Produce a copy of every line in the records that holds the string "paper".

━━━━━ Extracted data ━━━━━

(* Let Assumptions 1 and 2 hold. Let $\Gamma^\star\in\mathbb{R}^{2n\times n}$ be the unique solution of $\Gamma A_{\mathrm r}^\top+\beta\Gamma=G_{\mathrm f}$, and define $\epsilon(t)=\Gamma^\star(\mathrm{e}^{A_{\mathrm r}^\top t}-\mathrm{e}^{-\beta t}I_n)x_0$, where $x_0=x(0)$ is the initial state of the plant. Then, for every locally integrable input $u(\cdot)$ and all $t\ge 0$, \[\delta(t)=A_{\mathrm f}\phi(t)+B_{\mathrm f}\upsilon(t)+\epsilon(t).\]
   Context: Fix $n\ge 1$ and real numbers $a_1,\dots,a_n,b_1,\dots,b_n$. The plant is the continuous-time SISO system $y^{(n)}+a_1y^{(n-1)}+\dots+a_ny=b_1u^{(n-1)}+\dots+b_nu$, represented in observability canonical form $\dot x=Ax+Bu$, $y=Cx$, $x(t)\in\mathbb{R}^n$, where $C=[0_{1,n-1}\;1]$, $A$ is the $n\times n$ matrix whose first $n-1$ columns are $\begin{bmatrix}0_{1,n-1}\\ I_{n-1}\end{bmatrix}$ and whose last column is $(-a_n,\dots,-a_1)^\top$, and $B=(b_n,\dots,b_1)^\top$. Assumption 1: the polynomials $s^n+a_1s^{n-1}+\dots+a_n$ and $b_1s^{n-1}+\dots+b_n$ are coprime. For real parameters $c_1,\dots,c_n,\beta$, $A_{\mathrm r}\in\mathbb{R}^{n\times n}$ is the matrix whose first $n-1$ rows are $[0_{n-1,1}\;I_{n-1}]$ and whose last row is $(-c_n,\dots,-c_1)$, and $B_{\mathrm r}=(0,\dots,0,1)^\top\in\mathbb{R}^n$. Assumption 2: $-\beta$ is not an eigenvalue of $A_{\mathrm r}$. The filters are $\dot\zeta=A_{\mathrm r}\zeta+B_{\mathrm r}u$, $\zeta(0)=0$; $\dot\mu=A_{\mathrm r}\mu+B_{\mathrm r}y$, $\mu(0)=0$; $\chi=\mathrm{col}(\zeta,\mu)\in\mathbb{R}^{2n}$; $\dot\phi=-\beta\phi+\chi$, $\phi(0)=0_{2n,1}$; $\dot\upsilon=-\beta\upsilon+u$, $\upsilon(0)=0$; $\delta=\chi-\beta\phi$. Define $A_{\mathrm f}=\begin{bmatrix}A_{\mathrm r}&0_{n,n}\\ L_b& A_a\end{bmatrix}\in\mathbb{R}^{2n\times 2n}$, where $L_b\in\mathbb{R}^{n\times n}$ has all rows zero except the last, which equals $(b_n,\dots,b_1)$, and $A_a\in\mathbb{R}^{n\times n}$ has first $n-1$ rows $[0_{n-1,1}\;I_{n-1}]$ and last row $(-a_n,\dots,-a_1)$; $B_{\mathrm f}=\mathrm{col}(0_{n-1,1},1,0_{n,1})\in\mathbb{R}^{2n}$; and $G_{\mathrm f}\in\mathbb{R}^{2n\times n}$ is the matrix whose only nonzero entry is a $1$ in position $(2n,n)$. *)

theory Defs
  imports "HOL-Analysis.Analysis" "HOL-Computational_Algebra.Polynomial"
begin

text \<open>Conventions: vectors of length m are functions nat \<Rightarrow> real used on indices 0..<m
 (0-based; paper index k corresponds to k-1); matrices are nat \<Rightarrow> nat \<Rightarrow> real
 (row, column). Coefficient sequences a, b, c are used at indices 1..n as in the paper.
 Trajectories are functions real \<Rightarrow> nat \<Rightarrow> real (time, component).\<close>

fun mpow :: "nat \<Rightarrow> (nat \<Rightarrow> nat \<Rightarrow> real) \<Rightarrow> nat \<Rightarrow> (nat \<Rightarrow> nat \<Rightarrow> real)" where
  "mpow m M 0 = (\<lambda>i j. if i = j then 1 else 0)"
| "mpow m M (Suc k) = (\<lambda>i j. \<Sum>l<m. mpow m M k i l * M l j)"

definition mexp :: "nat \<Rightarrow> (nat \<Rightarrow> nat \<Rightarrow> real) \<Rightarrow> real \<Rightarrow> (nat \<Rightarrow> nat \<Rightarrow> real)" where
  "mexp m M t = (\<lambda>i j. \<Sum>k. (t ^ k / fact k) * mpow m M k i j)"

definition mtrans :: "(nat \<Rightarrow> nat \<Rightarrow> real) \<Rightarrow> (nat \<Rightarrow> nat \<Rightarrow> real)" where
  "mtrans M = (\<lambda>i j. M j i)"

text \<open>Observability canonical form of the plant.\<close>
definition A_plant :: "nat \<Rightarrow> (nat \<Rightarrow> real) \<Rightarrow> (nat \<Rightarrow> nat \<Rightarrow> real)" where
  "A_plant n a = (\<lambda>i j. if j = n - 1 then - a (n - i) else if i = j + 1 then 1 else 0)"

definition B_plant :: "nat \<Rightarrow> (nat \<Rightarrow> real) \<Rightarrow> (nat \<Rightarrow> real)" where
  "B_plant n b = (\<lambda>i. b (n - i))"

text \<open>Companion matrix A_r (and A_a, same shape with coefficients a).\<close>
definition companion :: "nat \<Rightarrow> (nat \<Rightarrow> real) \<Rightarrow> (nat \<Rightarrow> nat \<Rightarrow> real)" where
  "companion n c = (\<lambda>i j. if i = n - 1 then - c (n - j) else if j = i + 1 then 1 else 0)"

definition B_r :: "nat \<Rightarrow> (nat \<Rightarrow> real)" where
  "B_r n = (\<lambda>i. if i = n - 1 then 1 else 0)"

━━━━━

_Task solution:_
 (0-based; paper index k corresponds to k-1); matrices are nat \<Rightarrow> nat \<Rightarrow> real
 (row, column). Coefficient sequences a, b, c are used at indices 1..n as in the paper.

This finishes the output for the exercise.